(WORK ORDER) Look below for the line holding "finally show ?thesis using y1" and the line holding "f = (\<Sum>b\<in>B.". Transcribe exactly those lines and all lines between them, nothing more.

(Data records)

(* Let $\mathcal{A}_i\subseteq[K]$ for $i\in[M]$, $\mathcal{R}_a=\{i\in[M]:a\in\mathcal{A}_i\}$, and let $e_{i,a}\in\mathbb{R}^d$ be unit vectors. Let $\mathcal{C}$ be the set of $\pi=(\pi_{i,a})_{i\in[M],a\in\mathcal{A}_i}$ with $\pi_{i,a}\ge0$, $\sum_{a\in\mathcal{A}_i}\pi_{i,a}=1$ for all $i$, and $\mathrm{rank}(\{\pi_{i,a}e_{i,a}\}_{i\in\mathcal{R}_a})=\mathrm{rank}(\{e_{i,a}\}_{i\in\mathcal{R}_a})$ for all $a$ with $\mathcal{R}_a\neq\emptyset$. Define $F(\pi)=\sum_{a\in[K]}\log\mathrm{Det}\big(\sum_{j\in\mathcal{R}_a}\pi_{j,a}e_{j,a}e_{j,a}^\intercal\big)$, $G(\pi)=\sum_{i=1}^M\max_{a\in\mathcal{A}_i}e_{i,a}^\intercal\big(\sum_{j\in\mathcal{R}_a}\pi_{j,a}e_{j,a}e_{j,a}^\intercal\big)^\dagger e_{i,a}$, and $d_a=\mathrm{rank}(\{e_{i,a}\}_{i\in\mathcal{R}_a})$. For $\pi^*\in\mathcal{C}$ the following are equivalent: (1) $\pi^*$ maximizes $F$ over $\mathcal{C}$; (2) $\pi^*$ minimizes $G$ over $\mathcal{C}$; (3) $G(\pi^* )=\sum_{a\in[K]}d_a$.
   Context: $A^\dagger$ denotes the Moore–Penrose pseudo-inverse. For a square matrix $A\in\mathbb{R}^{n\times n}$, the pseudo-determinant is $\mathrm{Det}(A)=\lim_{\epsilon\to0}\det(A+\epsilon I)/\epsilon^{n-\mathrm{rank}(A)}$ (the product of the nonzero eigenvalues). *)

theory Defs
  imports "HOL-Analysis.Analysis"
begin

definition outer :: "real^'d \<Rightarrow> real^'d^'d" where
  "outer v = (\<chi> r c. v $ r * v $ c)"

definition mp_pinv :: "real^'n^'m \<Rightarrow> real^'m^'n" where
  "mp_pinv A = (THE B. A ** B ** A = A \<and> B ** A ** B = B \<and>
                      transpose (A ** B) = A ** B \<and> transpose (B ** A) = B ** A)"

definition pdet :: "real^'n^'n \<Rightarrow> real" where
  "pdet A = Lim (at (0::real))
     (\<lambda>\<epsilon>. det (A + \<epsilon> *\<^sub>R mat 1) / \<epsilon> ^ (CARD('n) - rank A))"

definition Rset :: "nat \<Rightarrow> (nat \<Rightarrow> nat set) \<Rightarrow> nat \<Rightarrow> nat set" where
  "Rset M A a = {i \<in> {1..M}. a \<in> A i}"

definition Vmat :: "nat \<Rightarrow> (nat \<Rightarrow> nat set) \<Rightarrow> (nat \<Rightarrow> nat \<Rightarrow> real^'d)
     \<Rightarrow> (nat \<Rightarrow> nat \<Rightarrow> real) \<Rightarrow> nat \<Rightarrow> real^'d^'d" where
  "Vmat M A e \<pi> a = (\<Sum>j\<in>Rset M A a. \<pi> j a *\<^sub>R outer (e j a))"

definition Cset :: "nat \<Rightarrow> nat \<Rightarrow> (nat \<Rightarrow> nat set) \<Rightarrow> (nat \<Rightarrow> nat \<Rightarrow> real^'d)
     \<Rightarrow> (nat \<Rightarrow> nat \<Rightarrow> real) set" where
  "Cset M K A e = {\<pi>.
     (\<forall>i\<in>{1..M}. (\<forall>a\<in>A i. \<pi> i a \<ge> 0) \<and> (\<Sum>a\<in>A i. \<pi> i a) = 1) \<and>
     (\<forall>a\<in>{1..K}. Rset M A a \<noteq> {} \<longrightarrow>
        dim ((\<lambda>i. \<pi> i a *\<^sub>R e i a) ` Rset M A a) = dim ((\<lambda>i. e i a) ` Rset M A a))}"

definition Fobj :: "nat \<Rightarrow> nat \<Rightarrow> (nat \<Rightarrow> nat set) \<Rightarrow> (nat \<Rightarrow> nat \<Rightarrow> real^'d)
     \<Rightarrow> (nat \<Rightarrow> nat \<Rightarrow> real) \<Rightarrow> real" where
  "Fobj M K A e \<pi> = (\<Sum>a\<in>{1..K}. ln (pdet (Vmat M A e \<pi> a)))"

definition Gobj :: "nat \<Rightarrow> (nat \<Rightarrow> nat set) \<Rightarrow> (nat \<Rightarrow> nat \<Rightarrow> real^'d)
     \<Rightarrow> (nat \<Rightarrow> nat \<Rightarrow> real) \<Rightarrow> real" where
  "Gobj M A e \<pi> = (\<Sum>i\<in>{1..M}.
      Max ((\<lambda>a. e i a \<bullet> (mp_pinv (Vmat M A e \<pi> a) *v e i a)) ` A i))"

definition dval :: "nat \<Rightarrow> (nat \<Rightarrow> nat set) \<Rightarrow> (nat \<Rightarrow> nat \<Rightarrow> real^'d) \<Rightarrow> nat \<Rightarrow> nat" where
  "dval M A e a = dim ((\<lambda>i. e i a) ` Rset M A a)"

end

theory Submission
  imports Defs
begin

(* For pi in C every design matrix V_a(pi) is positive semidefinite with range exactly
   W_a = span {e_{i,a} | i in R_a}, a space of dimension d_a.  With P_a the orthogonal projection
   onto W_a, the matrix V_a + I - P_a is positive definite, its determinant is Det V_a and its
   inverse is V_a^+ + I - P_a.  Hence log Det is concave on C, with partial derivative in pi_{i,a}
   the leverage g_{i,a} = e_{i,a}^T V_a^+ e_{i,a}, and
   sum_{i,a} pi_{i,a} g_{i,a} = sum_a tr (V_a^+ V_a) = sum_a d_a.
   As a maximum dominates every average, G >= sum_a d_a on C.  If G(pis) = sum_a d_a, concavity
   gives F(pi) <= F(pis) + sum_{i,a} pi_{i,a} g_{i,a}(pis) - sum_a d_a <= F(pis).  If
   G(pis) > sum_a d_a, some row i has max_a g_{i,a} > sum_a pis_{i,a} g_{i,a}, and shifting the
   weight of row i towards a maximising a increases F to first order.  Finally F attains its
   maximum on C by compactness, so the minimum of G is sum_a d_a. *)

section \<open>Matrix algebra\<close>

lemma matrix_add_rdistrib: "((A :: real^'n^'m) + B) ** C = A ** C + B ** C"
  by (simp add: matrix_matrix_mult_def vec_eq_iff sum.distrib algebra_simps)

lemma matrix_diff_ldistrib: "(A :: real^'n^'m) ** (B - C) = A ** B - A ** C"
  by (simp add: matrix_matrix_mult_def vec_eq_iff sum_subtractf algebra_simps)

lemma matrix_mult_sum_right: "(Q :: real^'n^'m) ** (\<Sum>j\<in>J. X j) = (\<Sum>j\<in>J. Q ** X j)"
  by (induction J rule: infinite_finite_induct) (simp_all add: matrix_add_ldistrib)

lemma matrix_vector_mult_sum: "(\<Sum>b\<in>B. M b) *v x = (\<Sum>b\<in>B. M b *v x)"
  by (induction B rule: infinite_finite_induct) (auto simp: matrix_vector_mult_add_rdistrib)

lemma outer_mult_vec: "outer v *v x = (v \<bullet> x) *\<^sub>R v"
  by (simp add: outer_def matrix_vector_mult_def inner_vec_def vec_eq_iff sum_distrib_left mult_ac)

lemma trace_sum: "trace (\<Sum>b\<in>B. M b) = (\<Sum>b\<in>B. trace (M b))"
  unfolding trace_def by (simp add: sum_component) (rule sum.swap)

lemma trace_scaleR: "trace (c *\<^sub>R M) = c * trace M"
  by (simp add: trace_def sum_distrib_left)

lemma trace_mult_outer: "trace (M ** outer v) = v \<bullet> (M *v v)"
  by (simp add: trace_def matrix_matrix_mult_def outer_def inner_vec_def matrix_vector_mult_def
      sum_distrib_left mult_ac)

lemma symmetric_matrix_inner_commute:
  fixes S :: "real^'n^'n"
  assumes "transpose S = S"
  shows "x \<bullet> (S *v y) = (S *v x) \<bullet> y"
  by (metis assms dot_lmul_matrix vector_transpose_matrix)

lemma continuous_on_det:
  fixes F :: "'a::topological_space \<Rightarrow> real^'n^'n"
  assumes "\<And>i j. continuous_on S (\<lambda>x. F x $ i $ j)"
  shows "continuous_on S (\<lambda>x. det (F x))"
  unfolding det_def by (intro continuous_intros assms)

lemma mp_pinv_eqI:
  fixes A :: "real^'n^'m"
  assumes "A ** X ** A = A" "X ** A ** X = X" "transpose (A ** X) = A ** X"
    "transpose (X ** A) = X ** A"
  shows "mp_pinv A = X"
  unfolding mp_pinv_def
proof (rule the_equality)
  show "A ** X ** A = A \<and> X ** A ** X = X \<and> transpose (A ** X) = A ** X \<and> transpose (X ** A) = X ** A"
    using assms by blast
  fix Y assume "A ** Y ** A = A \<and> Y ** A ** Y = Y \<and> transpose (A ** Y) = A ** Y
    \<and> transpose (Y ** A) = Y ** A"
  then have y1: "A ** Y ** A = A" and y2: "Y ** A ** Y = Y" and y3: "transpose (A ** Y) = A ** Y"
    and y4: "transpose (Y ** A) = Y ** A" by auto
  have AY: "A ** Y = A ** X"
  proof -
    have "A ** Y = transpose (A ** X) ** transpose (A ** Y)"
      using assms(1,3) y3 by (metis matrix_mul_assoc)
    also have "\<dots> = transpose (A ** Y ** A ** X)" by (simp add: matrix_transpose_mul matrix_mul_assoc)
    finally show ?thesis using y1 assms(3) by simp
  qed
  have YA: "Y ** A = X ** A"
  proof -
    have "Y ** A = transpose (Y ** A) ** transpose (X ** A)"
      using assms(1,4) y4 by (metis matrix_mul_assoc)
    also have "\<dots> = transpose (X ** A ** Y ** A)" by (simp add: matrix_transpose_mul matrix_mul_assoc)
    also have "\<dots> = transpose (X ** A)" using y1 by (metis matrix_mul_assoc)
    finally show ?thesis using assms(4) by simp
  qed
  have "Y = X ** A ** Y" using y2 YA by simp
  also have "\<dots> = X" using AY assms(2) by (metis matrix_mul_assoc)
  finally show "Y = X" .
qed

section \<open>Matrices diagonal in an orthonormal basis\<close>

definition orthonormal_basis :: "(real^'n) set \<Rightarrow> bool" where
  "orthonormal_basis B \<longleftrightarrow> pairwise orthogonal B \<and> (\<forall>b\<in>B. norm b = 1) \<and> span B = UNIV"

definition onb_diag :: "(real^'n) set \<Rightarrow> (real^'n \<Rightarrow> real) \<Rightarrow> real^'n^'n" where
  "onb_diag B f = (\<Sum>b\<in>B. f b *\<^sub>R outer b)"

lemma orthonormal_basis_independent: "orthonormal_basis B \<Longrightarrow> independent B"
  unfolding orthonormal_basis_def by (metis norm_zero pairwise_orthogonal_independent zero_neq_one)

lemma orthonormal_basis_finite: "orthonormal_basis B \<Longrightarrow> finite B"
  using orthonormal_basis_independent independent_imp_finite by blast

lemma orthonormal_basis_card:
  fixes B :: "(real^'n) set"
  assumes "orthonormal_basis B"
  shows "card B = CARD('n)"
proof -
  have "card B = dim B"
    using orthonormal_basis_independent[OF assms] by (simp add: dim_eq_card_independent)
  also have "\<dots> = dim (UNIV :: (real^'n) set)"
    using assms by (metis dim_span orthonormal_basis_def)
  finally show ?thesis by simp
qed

(RESULT FOR THIS EXERCISE)
    finally show ?thesis using y1 assms(3) by simp
  qed
  have YA: "Y ** A = X ** A"
  proof -
    have "Y ** A = transpose (Y ** A) ** transpose (X ** A)"
      using assms(1,4) y4 by (metis matrix_mul_assoc)
    also have "\<dots> = transpose (X ** A ** Y ** A)" by (simp add: matrix_transpose_mul matrix_mul_assoc)
    also have "\<dots> = transpose (X ** A)" using y1 by (metis matrix_mul_assoc)
    finally show ?thesis using assms(4) by simp
  qed
  have "Y = X ** A ** Y" using y2 YA by simp
  also have "\<dots> = X" using AY assms(2) by (metis matrix_mul_assoc)
  finally show "Y = X" .
qed

section \<open>Matrices diagonal in an orthonormal basis\<close>

definition orthonormal_basis :: "(real^'n) set \<Rightarrow> bool" where
  "orthonormal_basis B \<longleftrightarrow> pairwise orthogonal B \<and> (\<forall>b\<in>B. norm b = 1) \<and> span B = UNIV"

definition onb_diag :: "(real^'n) set \<Rightarrow> (real^'n \<Rightarrow> real) \<Rightarrow> real^'n^'n" where
  "onb_diag B f = (\<Sum>b\<in>B. f b *\<^sub>R outer b)"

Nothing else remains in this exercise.